## WHAT TO DO
Retype exactly the lines that run from the line with "using bigstep_imp_pbs pbs_imp_bigstep" to the final line of the entries, keeping both ends and nothing else.

(Saved entries)
★ ★ ★
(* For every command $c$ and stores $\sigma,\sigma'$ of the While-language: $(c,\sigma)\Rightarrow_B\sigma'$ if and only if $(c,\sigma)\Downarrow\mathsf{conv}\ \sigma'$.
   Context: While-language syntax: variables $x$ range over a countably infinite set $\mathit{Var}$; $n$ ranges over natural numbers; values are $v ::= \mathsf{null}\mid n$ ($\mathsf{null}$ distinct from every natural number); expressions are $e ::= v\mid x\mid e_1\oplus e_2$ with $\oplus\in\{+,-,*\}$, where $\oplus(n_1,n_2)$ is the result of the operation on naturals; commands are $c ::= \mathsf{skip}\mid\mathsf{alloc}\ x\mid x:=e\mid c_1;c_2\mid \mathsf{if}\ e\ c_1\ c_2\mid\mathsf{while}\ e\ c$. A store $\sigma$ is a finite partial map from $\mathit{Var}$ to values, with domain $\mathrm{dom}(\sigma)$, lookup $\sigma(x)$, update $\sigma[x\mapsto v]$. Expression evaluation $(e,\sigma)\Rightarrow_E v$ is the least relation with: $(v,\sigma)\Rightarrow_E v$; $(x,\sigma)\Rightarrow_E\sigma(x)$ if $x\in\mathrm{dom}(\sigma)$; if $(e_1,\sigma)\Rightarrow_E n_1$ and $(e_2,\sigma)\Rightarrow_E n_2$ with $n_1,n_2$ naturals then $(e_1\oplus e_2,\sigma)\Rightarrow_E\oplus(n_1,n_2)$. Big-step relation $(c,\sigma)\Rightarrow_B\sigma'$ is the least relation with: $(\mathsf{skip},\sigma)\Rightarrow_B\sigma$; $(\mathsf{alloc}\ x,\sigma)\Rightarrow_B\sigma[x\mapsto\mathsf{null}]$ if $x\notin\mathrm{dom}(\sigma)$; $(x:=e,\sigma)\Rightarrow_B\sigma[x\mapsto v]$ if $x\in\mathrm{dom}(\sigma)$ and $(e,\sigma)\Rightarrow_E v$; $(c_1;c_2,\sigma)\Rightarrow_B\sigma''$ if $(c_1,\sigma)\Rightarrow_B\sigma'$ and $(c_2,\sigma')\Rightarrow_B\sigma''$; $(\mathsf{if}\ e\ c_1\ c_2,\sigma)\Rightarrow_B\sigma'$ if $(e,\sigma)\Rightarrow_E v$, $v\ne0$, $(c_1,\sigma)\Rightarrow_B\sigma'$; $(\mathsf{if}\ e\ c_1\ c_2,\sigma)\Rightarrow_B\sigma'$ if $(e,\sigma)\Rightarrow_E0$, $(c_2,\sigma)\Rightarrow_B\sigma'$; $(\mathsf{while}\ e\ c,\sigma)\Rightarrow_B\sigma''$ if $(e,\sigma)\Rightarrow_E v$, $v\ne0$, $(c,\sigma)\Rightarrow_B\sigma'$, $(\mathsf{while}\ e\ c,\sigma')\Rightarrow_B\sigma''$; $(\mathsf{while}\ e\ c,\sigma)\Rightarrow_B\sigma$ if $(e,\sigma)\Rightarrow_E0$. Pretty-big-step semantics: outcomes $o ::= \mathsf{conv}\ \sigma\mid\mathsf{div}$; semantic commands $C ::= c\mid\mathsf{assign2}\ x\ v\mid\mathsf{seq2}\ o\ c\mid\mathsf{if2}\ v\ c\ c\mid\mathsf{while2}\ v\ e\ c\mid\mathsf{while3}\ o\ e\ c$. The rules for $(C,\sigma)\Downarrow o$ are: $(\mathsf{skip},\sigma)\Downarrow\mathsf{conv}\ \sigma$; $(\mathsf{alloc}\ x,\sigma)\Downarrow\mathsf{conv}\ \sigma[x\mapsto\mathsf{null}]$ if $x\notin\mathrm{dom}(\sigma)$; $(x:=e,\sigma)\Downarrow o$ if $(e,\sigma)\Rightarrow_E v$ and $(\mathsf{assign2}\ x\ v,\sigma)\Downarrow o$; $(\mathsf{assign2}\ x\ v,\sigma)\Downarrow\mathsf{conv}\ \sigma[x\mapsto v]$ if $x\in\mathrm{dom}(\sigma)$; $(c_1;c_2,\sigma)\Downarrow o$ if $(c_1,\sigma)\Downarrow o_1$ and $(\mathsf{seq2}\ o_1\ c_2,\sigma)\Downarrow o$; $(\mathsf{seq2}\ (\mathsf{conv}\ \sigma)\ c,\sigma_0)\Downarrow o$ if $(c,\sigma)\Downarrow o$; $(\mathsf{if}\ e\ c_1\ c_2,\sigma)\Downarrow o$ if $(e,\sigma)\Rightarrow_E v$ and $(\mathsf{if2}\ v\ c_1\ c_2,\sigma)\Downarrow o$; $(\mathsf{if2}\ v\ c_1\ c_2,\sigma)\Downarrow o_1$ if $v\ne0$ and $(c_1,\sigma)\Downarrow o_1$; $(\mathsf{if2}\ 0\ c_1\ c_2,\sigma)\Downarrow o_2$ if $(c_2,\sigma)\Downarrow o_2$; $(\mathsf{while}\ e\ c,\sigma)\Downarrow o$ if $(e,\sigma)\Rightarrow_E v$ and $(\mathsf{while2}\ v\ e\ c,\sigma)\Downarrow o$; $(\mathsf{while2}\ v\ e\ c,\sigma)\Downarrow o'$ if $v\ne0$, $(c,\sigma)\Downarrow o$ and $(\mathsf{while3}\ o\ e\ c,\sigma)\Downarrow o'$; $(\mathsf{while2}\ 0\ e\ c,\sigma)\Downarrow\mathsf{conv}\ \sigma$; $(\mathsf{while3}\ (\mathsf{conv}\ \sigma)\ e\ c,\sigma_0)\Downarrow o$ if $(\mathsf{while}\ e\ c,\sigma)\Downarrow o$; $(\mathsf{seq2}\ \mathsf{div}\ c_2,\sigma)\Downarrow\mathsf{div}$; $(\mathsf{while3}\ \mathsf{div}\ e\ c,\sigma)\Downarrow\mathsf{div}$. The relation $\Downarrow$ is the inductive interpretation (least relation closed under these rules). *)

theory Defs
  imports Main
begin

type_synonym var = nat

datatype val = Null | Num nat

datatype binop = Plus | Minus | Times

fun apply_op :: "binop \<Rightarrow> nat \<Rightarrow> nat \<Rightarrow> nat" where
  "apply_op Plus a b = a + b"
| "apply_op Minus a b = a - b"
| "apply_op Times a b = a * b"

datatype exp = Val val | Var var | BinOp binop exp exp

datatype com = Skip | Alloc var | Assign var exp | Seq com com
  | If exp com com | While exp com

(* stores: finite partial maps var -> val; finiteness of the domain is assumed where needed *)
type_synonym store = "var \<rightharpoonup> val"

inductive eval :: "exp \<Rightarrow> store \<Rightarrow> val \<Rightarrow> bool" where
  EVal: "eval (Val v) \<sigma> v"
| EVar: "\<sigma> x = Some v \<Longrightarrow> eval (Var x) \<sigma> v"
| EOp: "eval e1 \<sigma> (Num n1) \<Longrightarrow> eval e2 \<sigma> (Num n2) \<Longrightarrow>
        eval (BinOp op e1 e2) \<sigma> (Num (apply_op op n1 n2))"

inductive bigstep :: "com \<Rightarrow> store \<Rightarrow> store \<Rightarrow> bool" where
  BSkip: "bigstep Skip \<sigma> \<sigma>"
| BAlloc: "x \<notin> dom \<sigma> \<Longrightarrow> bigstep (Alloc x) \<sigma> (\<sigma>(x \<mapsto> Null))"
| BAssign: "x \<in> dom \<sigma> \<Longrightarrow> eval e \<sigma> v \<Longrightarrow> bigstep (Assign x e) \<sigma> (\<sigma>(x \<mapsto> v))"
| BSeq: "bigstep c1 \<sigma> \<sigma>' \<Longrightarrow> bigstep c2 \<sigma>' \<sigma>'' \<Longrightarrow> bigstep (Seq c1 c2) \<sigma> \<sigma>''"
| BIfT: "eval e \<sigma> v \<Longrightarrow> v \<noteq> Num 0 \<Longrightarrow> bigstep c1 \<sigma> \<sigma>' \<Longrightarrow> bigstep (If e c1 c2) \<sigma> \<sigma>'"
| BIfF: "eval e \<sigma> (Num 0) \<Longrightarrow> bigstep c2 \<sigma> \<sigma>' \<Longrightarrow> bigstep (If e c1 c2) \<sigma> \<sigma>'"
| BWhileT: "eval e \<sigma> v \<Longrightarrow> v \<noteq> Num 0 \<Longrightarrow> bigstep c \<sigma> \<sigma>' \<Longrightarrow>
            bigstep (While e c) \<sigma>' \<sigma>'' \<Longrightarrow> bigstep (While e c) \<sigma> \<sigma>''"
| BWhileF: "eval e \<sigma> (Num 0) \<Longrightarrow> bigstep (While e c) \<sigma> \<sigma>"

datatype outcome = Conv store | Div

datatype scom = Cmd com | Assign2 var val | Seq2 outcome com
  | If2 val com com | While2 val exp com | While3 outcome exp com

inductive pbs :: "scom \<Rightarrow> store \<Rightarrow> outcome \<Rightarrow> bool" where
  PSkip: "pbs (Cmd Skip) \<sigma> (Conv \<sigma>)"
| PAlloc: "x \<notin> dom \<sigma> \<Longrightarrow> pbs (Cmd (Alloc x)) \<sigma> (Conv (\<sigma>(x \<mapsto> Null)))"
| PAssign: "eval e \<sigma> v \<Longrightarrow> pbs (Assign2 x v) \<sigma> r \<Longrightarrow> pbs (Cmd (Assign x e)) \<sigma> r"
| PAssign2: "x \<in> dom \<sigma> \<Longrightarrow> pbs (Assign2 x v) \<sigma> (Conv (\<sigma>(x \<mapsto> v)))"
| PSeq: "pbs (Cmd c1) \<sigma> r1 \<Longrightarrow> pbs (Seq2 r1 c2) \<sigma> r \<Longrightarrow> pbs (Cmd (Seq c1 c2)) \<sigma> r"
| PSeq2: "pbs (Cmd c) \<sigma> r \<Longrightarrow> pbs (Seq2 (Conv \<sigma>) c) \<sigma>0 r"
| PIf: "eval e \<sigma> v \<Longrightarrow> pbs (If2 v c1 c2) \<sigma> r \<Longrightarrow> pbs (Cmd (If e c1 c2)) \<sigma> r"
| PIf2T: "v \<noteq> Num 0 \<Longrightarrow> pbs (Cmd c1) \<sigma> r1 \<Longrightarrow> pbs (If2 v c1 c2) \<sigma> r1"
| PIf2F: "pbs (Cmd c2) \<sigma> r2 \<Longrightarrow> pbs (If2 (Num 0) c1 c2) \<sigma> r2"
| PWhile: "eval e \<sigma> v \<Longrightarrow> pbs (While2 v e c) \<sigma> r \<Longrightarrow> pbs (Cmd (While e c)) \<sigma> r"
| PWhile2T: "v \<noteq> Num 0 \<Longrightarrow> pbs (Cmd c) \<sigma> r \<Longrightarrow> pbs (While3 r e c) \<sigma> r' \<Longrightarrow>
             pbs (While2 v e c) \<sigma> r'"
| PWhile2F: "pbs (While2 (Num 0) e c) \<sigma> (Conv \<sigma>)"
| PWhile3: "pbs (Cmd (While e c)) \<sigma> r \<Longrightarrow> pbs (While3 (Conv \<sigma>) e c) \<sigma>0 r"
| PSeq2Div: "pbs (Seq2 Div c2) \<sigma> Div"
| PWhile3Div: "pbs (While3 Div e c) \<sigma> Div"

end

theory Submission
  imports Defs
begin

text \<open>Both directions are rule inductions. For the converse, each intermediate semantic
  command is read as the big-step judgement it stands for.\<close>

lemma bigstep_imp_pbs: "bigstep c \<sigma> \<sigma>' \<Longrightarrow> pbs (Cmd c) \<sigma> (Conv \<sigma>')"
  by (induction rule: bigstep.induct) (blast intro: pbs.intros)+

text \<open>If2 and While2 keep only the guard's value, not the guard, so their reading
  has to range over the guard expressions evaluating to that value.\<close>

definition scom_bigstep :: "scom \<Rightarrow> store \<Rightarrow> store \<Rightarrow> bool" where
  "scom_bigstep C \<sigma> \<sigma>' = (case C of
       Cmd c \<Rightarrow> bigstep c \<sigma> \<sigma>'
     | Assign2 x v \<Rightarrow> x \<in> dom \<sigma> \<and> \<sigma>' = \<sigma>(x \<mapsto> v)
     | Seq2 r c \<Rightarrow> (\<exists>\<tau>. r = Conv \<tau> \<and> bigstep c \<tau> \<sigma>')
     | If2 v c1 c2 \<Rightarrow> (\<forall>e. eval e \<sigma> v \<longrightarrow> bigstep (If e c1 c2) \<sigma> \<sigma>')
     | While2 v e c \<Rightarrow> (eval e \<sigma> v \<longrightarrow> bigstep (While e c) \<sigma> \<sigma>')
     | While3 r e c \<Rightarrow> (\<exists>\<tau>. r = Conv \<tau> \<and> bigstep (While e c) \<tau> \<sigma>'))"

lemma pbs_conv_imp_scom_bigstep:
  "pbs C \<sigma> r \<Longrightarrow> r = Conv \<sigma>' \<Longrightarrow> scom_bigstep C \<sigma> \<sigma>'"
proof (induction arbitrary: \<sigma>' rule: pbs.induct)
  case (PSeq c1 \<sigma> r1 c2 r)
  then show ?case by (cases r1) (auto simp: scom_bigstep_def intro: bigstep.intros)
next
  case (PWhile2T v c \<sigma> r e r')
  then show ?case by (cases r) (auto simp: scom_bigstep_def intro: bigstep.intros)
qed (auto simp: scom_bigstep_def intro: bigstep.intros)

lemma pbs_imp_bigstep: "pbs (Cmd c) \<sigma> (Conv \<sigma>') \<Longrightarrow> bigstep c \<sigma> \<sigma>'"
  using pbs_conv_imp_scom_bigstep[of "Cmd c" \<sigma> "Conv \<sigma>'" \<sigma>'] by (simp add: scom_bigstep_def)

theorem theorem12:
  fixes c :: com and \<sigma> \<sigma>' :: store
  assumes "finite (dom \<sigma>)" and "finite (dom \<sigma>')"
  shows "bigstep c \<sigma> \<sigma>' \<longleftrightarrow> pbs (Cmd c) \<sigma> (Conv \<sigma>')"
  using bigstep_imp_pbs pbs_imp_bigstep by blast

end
★ ★ ★
## RESULT FOR THIS TASK
  using bigstep_imp_pbs pbs_imp_bigstep by blast

end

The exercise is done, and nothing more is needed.